**YOUR ASSIGNMENT**
Look through the entries below and extract exactly the lines from the one containing "then show False" through the one containing "obtain x where", ends included.

** ENTRIES SUPPLIED follows **

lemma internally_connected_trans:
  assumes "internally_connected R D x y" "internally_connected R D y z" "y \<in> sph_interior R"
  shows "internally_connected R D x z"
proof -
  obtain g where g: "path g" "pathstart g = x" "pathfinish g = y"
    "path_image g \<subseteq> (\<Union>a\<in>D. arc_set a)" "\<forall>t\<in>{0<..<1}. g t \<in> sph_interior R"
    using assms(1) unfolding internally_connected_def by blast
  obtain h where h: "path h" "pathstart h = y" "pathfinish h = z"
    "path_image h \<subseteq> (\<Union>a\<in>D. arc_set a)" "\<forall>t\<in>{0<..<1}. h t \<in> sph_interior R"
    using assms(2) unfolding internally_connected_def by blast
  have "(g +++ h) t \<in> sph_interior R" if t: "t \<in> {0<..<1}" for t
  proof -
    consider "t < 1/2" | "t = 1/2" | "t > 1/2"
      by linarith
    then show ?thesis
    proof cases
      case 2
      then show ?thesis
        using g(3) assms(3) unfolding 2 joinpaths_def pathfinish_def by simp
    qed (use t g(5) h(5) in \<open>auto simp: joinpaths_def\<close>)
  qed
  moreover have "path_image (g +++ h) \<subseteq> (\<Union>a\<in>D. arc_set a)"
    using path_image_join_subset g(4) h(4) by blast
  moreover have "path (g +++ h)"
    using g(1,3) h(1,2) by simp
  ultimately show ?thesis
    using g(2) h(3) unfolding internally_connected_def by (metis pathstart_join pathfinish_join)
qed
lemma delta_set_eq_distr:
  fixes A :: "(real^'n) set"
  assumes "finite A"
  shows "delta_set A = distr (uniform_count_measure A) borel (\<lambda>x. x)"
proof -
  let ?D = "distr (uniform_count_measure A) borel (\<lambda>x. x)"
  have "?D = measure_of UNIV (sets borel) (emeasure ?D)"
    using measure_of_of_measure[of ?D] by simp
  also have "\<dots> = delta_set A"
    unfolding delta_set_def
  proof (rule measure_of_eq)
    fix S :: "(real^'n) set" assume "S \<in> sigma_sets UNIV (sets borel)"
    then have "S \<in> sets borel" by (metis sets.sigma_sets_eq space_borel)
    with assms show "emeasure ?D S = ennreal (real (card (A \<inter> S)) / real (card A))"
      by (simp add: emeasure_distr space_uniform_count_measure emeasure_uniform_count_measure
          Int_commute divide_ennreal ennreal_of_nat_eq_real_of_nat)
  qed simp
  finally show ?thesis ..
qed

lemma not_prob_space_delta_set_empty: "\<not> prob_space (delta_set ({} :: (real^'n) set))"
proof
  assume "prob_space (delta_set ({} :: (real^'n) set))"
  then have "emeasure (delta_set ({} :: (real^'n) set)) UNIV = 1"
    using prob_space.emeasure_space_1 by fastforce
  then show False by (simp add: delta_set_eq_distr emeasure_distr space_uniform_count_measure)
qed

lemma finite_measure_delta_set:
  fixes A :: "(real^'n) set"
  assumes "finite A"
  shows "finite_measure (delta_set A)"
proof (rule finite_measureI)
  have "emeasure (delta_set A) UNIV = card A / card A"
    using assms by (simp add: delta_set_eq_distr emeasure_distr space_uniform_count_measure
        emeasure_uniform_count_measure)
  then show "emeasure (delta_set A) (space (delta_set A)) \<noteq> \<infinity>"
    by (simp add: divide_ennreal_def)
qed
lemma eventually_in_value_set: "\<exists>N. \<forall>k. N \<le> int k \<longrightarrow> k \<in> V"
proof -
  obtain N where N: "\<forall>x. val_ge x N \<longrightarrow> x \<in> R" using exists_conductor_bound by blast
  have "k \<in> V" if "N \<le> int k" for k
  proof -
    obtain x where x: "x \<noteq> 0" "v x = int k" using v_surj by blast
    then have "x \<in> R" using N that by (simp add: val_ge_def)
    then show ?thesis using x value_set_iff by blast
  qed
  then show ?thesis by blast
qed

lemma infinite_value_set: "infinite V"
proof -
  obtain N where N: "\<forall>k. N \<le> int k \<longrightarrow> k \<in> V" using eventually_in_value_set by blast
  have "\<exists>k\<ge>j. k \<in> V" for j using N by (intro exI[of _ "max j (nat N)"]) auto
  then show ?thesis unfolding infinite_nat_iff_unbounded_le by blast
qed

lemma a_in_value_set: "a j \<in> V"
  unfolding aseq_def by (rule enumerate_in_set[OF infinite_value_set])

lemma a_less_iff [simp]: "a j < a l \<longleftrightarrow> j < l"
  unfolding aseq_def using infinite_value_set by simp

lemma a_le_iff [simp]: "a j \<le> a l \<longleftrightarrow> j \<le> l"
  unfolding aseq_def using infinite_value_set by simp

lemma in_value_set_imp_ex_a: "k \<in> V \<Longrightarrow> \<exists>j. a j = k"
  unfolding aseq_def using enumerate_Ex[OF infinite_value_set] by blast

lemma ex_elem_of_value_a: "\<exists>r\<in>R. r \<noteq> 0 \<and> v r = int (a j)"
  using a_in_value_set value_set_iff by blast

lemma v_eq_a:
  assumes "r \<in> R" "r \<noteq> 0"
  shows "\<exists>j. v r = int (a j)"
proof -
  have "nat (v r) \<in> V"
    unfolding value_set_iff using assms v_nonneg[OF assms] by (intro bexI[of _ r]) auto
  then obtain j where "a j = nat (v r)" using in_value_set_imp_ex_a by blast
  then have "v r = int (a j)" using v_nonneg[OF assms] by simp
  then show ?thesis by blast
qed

** End of ENTRIES SUPPLIED **

**REPLY**
  then show False by (simp add: delta_set_eq_distr emeasure_distr space_uniform_count_measure)
qed

lemma finite_measure_delta_set:
  fixes A :: "(real^'n) set"
  assumes "finite A"
  shows "finite_measure (delta_set A)"
proof (rule finite_measureI)
  have "emeasure (delta_set A) UNIV = card A / card A"
    using assms by (simp add: delta_set_eq_distr emeasure_distr space_uniform_count_measure
        emeasure_uniform_count_measure)
  then show "emeasure (delta_set A) (space (delta_set A)) \<noteq> \<infinity>"
    by (simp add: divide_ennreal_def)
qed
lemma eventually_in_value_set: "\<exists>N. \<forall>k. N \<le> int k \<longrightarrow> k \<in> V"
proof -
  obtain N where N: "\<forall>x. val_ge x N \<longrightarrow> x \<in> R" using exists_conductor_bound by blast
  have "k \<in> V" if "N \<le> int k" for k
  proof -
    obtain x where x: "x \<noteq> 0" "v x = int k" using v_surj by blast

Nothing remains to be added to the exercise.